The Golden Globes, which it did indeed dish out, were so discredited that they were boycotted by publicists, stars and broadcasters, and the association then had to issue multiple apologies for its lack of transparency and diversity (not a single black writer), before relaunching a couple of years ago.
Writers such as Sereda and many of the original members of the HFPA – like many film journalists, many of them good reporters of integrity and genuine expertise – rely to a greater or lesser extent on access granted at film festivals. This access is brief, chaotic and non-exclusive. When I worked for another publication 20-odd years ago, I remember being at such roundtables involving one or two stars and perhaps a dozen sharp-elbowed correspondents from countries across the world.
After a bruising 20 minutes, you would be left with a challenging tombola of quotes about, perhaps, an especially niche style of cinematography, whether the star might one day visit Latvia and a lot of bland waffle about how marvellous the director was. Getting a question of your own in was rare. Getting a good piece out of the results was rarer.
It is possible to make a living on such access, if you trot around all the festivals – Sundance, Berlin, Cannes, Venice, Toronto – and remain in favour with a couple of publications, and, most crucially, the publicists. A certain level of sycophancy is essential – and, happily, appears to be far from a stretch for many of the writers. Sereda’s Instagram page, for instance, is populated by wide-smiled selfies of her with assorted A-listers. These are posted in the event of a new interview, a new movie or their death.
Such unabashed celeb-worship is absolutely common practice in film journalism, even among the most respected Hollywood pundits. I remember one brilliant writer who would post a selfie with a recently deceased star with such speed after news broke of their death that the gesture morphed from the morbid into the faintly suspicious. Could it be that they were the common factor behind all these tragedies?
Thick skins, malleable standards and dribble: this is how a lot of this world works. Luckily, the Guardian is a publication with sufficient leverage that it does not need to rely on roundtable access – and would generally not accept it, unless for background, ahead of a 1:1. But much of the access that we are often offered and the circumstances of it is, still, sausage factory stuff: you probably don’t want to know.
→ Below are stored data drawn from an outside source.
(* The following hold: (1) every reduced ring is NCSUC; (2) every local ring is NCSUC; (3) if $R$ is a domain, then the upper triangular matrix ring $\mathrm{T}_2(R)$ is NCSUC; (4) for any nonzero ring $R$, the matrix ring $\mathrm{M}_2(R)$ is not NCSUC.
   Context: All rings are associative with identity $1$. For a ring $R$, $\mathrm{Id}(R)$, $U(R)$, $\mathrm{Nil}(R)$ denote the sets of idempotents, units and nilpotent elements. An element $a\in R$ is nil-clean if $a=e+q$ with $e\in \mathrm{Id}(R)$, $q\in\mathrm{Nil}(R)$. An element $a$ is uniquely strongly clean if there is exactly one $e\in\mathrm{Id}(R)$ such that $a-e\in U(R)$ and $ae=ea$. A ring is NCSUC if every nil-clean element is uniquely strongly clean. A ring is reduced if it has no nonzero nilpotent elements; a domain is a nonzero ring without zero divisors; $\mathrm{T}_2(R)$ is the ring of $2\times 2$ upper triangular matrices over $R$. *)

theory Defs
  imports "HOL-Algebra.Ideal"
begin

definition idempotents :: "('a, 'b) ring_scheme \<Rightarrow> 'a set" where
  "idempotents R = {e \<in> carrier R. e \<otimes>\<^bsub>R\<^esub> e = e}"

definition nilpotents :: "('a, 'b) ring_scheme \<Rightarrow> 'a set" where
  "nilpotents R = {q \<in> carrier R. \<exists>n::nat. q [^]\<^bsub>R\<^esub> n = \<zero>\<^bsub>R\<^esub>}"

definition nil_clean_elem :: "('a, 'b) ring_scheme \<Rightarrow> 'a \<Rightarrow> bool" where
  "nil_clean_elem R a \<longleftrightarrow>
     (\<exists>e q. e \<in> idempotents R \<and> q \<in> nilpotents R \<and> a = e \<oplus>\<^bsub>R\<^esub> q)"

definition uniquely_strongly_clean :: "('a, 'b) ring_scheme \<Rightarrow> 'a \<Rightarrow> bool" where
  "uniquely_strongly_clean R a \<longleftrightarrow>
     (\<exists>!e. e \<in> idempotents R \<and> a \<ominus>\<^bsub>R\<^esub> e \<in> Units R
            \<and> a \<otimes>\<^bsub>R\<^esub> e = e \<otimes>\<^bsub>R\<^esub> a)"

definition NCSUC :: "('a, 'b) ring_scheme \<Rightarrow> bool" where
  "NCSUC R \<longleftrightarrow>
     (\<forall>a \<in> carrier R. nil_clean_elem R a \<longrightarrow> uniquely_strongly_clean R a)"

definition reduced_ring :: "('a, 'b) ring_scheme \<Rightarrow> bool" where
  "reduced_ring R \<longleftrightarrow> nilpotents R \<subseteq> {\<zero>\<^bsub>R\<^esub>}"

definition nc_domain :: "('a, 'b) ring_scheme \<Rightarrow> bool" where
  "nc_domain R \<longleftrightarrow> \<one>\<^bsub>R\<^esub> \<noteq> \<zero>\<^bsub>R\<^esub> \<and>
     (\<forall>a \<in> carrier R. \<forall>b \<in> carrier R. a \<otimes>\<^bsub>R\<^esub> b = \<zero>\<^bsub>R\<^esub> \<longrightarrow> a = \<zero>\<^bsub>R\<^esub> \<or> b = \<zero>\<^bsub>R\<^esub>)"

definition left_ideal :: "'a set \<Rightarrow> ('a, 'b) ring_scheme \<Rightarrow> bool" where
  "left_ideal I R \<longleftrightarrow> additive_subgroup I R \<and>
     (\<forall>r \<in> carrier R. \<forall>x \<in> I. r \<otimes>\<^bsub>R\<^esub> x \<in> I)"

definition maximal_left_ideal :: "'a set \<Rightarrow> ('a, 'b) ring_scheme \<Rightarrow> bool" where
  "maximal_left_ideal I R \<longleftrightarrow> left_ideal I R \<and> I \<noteq> carrier R \<and>
     (\<forall>J. left_ideal J R \<and> I \<subseteq> J \<longrightarrow> J = I \<or> J = carrier R)"

definition local_ring :: "('a, 'b) ring_scheme \<Rightarrow> bool" where
  "local_ring R \<longleftrightarrow> (\<exists>!I. maximal_left_ideal I R)"

text \<open>2x2 matrices over R, a matrix (a b; c d) represented as (a, b, c, d).\<close>
definition M2 :: "('a, 'b) ring_scheme \<Rightarrow> ('a \<times> 'a \<times> 'a \<times> 'a) ring" where
  "M2 R = \<lparr> carrier = carrier R \<times> carrier R \<times> carrier R \<times> carrier R,
     mult = (\<lambda>(a, b, c, d) (a', b', c', d').
       (a \<otimes>\<^bsub>R\<^esub> a' \<oplus>\<^bsub>R\<^esub> b \<otimes>\<^bsub>R\<^esub> c', a \<otimes>\<^bsub>R\<^esub> b' \<oplus>\<^bsub>R\<^esub> b \<otimes>\<^bsub>R\<^esub> d',
        c \<otimes>\<^bsub>R\<^esub> a' \<oplus>\<^bsub>R\<^esub> d \<otimes>\<^bsub>R\<^esub> c', c \<otimes>\<^bsub>R\<^esub> b' \<oplus>\<^bsub>R\<^esub> d \<otimes>\<^bsub>R\<^esub> d')),
     one = (\<one>\<^bsub>R\<^esub>, \<zero>\<^bsub>R\<^esub>, \<zero>\<^bsub>R\<^esub>, \<one>\<^bsub>R\<^esub>),
     zero = (\<zero>\<^bsub>R\<^esub>, \<zero>\<^bsub>R\<^esub>, \<zero>\<^bsub>R\<^esub>, \<zero>\<^bsub>R\<^esub>),
     add = (\<lambda>(a, b, c, d) (a', b', c', d').
       (a \<oplus>\<^bsub>R\<^esub> a', b \<oplus>\<^bsub>R\<^esub> b', c \<oplus>\<^bsub>R\<^esub> c', d \<oplus>\<^bsub>R\<^esub> d')) \<rparr>"

definition T2 :: "('a, 'b) ring_scheme \<Rightarrow> ('a \<times> 'a \<times> 'a \<times> 'a) ring" where
  "T2 R = (M2 R) \<lparr> carrier := carrier R \<times> carrier R \<times> {\<zero>\<^bsub>R\<^esub>} \<times> carrier R \<rparr>"

end

theory Submission
  imports Defs "HOL-Algebra.Multiplicative_Group"
begin

text \<open>If \<open>a\<close> is idempotent, \<open>1 - a\<close> is the only idempotent \<open>g\<close> commuting with \<open>a\<close> for which
  \<open>a - g\<close> is a unit: the unit \<open>a - g\<close> kills \<open>a g\<close> and \<open>1 - a - g\<close>. In a reduced ring every
  nil-clean element is idempotent. If the only idempotents are \<open>0\<close> and \<open>1\<close> (local rings, via
  Zorn's lemma, and domains), a nil-clean \<open>a = e + q\<close> has \<open>a - (1 - e) = \<plusminus>(1 \<mp> q)\<close> a unit while
  \<open>a - e = q\<close> is not. Over a domain the diagonal of a nil-clean upper triangular matrix consists of
  \<open>0\<close>s and \<open>1\<close>s, which forces the diagonal of a strongly clean idempotent, and idempotence and
  commutation then force its corner. In \<open>M\<^sub>2(R)\<close> the nil-clean matrix \<open>(1, 1; 1, 0)\<close> and its
  difference with the identity are both invertible, so \<open>0\<close> and \<open>1\<close> both qualify.\<close>

section \<open>Units, nilpotents and idempotents\<close>

lemma (in ring) Units_mult_eq_zero:
  assumes "u \<in> Units R" "x \<in> carrier R" "u \<otimes> x = \<zero>" shows "x = \<zero>"
  using assms by (metis Units_closed Units_l_cancel r_null zero_closed)

lemma (in ring) Units_a_inv_closed:
  assumes "u \<in> Units R" shows "\<ominus> u \<in> Units R"
proof -
  have "\<ominus> u = \<ominus> \<one> \<otimes> u" using assms by (simp add: l_minus Units_closed)
  then show ?thesis using assms Units_minus_one_closed by simp
qed

lemma (in ring) zero_not_Units: "\<one> \<noteq> \<zero> \<Longrightarrow> \<zero> \<notin> Units R"
  by (metis Units_r_inv_ex l_null zero_closed)

lemma (in ring) nat_pow_a_inv:
  assumes "x \<in> carrier R"
  shows "(\<ominus> x) [^] (n::nat) = (if even n then x [^] n else \<ominus> (x [^] n))"
  using assms by (induction n) (auto simp: l_minus r_minus)

lemma (in ring) a_inv_nilpotent:
  assumes "q \<in> nilpotents R" shows "\<ominus> q \<in> nilpotents R"
  using assms by (auto simp: nilpotents_def nat_pow_a_inv)

lemma (in ring) nilpotent_not_Units:
  assumes "\<one> \<noteq> \<zero>" "q \<in> nilpotents R" shows "q \<notin> Units R"
proof
  assume "q \<in> Units R"
  moreover obtain n where "q [^] (n::nat) = \<zero>" using assms(2) by (auto simp: nilpotents_def)
  ultimately have "\<zero> \<in> Units R" by (metis Units_pow_closed)
  then show False using zero_not_Units[OF assms(1)] by simp
qed

lemma (in ring) one_minus_nilpotent_Units:
  assumes "q \<in> nilpotents R" shows "\<one> \<ominus> q \<in> Units R"
proof -
  obtain n where q: "q \<in> carrier R" "q [^] (n::nat) = \<zero>" using assms by (auto simp: nilpotents_def)
  have step: "(\<one> \<ominus> q) \<oplus> q \<otimes> (\<one> \<ominus> p) = \<one> \<ominus> q \<otimes> p" if "p \<in> carrier R" for p
    using q(1) that by (algebra; simp add: ring_simprules)
  \<comment> \<open>\<open>g = 1 + q + \<dots> + q\<^sup>k\<^sup>-\<^sup>1\<close>, built as \<open>1 + q g\<close>\<close>
  have "\<exists>g \<in> carrier R. (\<one> \<ominus> q) \<otimes> g = \<one> \<ominus> q [^] k \<and> g \<otimes> (\<one> \<ominus> q) = \<one> \<ominus> q [^] k" for k :: nat
  proof (induction k)
    case 0
    show ?case using q by (intro bexI[of _ \<zero>]) (auto simp: a_minus_def r_neg)
  next
    case (Suc k)
    then obtain g where g: "g \<in> carrier R" "(\<one> \<ominus> q) \<otimes> g = \<one> \<ominus> q [^] k" "g \<otimes> (\<one> \<ominus> q) = \<one> \<ominus> q [^] k"
      by blast
    have "(\<one> \<ominus> q) \<otimes> (\<one> \<oplus> q \<otimes> g) = (\<one> \<ominus> q) \<oplus> q \<otimes> ((\<one> \<ominus> q) \<otimes> g)"
      using q(1) g(1) by (algebra; simp add: ring_simprules)
    also have "\<dots> = (\<one> \<ominus> q) \<oplus> q \<otimes> (\<one> \<ominus> q [^] k)" by (simp only: g(2))
    also have "\<dots> = \<one> \<ominus> q [^] Suc k" unfolding nat_pow_Suc2[OF q(1)] by (rule step) (simp add: q(1))
    finally have right: "(\<one> \<ominus> q) \<otimes> (\<one> \<oplus> q \<otimes> g) = \<one> \<ominus> q [^] Suc k" .
    have "(\<one> \<oplus> q \<otimes> g) \<otimes> (\<one> \<ominus> q) = (\<one> \<ominus> q) \<oplus> q \<otimes> (g \<otimes> (\<one> \<ominus> q))"
      using q(1) g(1) by (algebra; simp add: ring_simprules)
    also have "\<dots> = (\<one> \<ominus> q) \<oplus> q \<otimes> (\<one> \<ominus> q [^] k)" by (simp only: g(3))
    also have "\<dots> = \<one> \<ominus> q [^] Suc k" unfolding nat_pow_Suc2[OF q(1)] by (rule step) (simp add: q(1))
    finally have left: "(\<one> \<oplus> q \<otimes> g) \<otimes> (\<one> \<ominus> q) = \<one> \<ominus> q [^] Suc k" .
    from right left show ?case using q g by blast
  qed
  moreover have "\<one> \<ominus> q [^] n = \<one>" using q by (simp add: a_minus_def)
  ultimately obtain g where "g \<in> carrier R" "(\<one> \<ominus> q) \<otimes> g = \<one>" "g \<otimes> (\<one> \<ominus> q) = \<one>"
    by metis
  then show ?thesis using q(1) unfolding Units_def by auto
qed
Still: that roundtables persist is evidence of how much the film industry remains wedded to print publicity. Twenty years ago, the same ragbag quotes appearing in an Austrian broadsheet as well as, say, a Swedish film quarterly and an Australian celebrity magazine, would have gone unnoticed. Today, it makes much less sense, serving only to compress the schedules of stars, who are of course just as culpable as those they employ in agreeing to them. But despite the primacy of streamers and, more broadly, the whole tech-revolution of the past two decades, online versions of articles are of much less concern to publicists than the print version.
Why? Because clients need presenting with something concrete, a hard glossy copy with a pre-approved photo of themselves on the cover – even if this is seen by perhaps 100th of the people who will read it online. That this is still the case is something I find very curious.
Yet maybe the clients are changing. It was, after all, none other than Eastwood himself who first flagged the dodginess of the Kurier article. He had, in fact, said all those things. He just hadn’t said them recently, or knowingly given an audience to that writer, for that newspaper.
A new interview with him would be gold-dust because Eastwood did not do press for his most recent movie, Juror #2, which went straight to streaming in the US, after rumours of a rift between the director and the incoming head of studio Warner, David Zaslav (Eastwood didn’t even show up to the premiere).
Was Eastwood – now shooting his new movie – concerned these historic quotes would be interpreted as a broadside against him? Or is he, in his 10th decade, simply paying more attention than the rest of us?